• Exercise:
Copy all lines holding the word "longrightarrow" from the entries.

Supplied material START

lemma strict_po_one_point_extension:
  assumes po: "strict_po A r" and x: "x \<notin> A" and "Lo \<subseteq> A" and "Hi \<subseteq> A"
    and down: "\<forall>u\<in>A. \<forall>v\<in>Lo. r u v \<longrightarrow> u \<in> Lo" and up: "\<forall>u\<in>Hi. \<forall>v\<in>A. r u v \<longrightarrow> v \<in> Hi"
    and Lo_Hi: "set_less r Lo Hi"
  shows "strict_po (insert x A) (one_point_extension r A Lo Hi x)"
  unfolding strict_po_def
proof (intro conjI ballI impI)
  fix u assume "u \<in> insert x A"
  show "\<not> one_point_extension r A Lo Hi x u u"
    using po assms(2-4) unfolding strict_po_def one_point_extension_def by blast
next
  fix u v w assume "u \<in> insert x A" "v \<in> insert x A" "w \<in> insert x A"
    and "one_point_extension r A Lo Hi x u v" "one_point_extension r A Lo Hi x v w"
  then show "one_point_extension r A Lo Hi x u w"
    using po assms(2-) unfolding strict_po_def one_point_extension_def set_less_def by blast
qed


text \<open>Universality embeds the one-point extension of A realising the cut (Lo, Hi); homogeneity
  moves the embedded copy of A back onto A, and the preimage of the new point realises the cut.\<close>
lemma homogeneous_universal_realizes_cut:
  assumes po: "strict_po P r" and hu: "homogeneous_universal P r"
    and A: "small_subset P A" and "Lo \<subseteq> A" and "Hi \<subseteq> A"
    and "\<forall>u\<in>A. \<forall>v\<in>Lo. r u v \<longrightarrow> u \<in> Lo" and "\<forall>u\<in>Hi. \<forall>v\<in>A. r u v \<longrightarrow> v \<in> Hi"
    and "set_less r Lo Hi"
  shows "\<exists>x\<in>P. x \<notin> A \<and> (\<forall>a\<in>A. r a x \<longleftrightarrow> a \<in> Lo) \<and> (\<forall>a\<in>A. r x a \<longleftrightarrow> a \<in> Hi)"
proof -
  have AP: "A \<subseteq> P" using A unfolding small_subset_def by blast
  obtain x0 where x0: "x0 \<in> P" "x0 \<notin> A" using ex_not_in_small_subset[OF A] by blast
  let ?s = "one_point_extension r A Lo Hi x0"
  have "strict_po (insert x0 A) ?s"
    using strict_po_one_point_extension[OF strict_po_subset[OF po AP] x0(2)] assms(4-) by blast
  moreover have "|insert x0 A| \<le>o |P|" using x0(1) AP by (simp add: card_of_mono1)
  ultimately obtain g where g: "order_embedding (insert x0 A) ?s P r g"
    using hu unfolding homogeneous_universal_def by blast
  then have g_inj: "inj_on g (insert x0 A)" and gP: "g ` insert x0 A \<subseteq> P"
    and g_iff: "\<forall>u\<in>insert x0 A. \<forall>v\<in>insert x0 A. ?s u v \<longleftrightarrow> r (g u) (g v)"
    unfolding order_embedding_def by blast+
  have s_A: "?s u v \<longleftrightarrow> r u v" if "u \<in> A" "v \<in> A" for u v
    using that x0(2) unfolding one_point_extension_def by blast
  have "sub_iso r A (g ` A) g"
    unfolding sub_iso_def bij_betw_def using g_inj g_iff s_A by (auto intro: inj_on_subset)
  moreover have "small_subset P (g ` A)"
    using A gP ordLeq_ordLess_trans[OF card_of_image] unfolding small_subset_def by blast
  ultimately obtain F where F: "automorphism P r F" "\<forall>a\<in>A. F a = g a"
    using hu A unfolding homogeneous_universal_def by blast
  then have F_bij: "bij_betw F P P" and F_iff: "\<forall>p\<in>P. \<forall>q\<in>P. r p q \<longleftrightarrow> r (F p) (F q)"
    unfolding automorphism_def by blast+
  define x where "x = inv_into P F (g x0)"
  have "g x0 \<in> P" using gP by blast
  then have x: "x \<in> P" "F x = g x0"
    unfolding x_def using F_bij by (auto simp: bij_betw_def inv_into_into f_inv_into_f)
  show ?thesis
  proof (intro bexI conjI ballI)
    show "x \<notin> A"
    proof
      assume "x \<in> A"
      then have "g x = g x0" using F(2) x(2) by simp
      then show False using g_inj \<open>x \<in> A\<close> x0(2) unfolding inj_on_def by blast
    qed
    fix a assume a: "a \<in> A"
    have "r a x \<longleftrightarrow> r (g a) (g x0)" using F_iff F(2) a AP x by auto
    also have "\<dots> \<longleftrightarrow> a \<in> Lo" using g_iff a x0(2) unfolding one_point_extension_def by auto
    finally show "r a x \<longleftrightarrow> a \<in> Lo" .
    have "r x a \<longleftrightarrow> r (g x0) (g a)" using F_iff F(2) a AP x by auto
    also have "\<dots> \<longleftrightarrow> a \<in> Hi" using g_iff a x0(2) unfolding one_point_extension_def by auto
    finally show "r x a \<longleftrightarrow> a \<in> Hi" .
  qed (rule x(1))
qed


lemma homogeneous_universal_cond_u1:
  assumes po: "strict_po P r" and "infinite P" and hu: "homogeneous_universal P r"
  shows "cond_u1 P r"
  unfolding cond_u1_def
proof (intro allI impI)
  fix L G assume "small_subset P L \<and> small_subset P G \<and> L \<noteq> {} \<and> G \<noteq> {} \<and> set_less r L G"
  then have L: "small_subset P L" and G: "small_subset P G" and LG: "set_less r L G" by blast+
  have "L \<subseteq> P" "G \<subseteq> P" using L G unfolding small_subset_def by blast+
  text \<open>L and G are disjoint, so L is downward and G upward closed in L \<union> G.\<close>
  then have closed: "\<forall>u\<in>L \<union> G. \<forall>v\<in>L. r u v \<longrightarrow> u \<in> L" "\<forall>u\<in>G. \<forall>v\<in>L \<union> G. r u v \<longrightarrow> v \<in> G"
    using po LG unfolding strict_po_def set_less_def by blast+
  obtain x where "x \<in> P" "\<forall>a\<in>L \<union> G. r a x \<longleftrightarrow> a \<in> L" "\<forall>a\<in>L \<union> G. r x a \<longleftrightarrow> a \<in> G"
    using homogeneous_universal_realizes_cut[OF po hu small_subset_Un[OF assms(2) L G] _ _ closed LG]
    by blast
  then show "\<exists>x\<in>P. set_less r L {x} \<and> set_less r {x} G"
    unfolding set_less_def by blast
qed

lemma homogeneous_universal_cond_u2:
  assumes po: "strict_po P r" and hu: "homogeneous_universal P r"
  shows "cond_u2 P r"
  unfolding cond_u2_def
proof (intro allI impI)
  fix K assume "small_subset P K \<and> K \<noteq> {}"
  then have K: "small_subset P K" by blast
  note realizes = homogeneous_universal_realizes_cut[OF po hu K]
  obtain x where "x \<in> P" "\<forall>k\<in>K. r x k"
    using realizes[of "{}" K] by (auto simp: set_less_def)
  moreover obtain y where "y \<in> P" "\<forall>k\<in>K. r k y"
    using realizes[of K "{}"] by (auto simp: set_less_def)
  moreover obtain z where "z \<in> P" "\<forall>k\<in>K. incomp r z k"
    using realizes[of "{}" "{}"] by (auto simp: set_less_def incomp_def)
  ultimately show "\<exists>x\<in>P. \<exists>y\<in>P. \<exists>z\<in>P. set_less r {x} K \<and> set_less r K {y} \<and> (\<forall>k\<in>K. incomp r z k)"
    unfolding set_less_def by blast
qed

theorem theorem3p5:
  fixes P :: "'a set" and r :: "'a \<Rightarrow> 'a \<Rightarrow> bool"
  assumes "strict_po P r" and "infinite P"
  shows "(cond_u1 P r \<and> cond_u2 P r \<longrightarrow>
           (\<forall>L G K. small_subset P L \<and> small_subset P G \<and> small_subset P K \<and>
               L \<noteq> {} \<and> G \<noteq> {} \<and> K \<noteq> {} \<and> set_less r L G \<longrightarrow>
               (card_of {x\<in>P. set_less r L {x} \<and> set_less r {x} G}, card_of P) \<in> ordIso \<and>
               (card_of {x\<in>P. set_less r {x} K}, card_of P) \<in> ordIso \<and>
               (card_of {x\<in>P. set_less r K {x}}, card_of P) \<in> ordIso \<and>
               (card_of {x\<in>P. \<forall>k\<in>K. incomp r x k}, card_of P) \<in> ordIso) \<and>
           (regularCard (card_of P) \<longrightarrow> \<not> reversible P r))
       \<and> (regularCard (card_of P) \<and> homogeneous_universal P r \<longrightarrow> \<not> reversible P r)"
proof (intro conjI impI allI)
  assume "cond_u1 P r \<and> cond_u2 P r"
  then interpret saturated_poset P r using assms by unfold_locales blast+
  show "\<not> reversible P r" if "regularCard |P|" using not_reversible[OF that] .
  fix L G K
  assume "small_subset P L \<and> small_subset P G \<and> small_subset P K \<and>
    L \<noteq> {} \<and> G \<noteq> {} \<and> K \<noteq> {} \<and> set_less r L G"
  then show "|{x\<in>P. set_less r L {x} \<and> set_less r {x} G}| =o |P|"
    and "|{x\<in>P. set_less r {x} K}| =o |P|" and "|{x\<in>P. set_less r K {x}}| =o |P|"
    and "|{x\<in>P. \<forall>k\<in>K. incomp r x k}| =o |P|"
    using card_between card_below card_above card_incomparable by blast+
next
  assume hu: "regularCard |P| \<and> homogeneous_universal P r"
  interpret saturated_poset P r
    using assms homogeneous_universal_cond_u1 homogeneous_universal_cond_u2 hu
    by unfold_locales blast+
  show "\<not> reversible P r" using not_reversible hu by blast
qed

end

Supplied material END

• Your response:
    and down: "\<forall>u\<in>A. \<forall>v\<in>Lo. r u v \<longrightarrow> u \<in> Lo" and up: "\<forall>u\<in>Hi. \<forall>v\<in>A. r u v \<longrightarrow> v \<in> Hi"
    and "\<forall>u\<in>A. \<forall>v\<in>Lo. r u v \<longrightarrow> u \<in> Lo" and "\<forall>u\<in>Hi. \<forall>v\<in>A. r u v \<longrightarrow> v \<in> Hi"
  then have closed: "\<forall>u\<in>L \<union> G. \<forall>v\<in>L. r u v \<longrightarrow> u \<in> L" "\<forall>u\<in>G. \<forall>v\<in>L \<union> G. r u v \<longrightarrow> v \<in> G"
  shows "(cond_u1 P r \<and> cond_u2 P r \<longrightarrow>
               L \<noteq> {} \<and> G \<noteq> {} \<and> K \<noteq> {} \<and> set_less r L G \<longrightarrow>
           (regularCard (card_of P) \<longrightarrow> \<not> reversible P r))
       \<and> (regularCard (card_of P) \<and> homogeneous_universal P r \<longrightarrow> \<not> reversible P r)"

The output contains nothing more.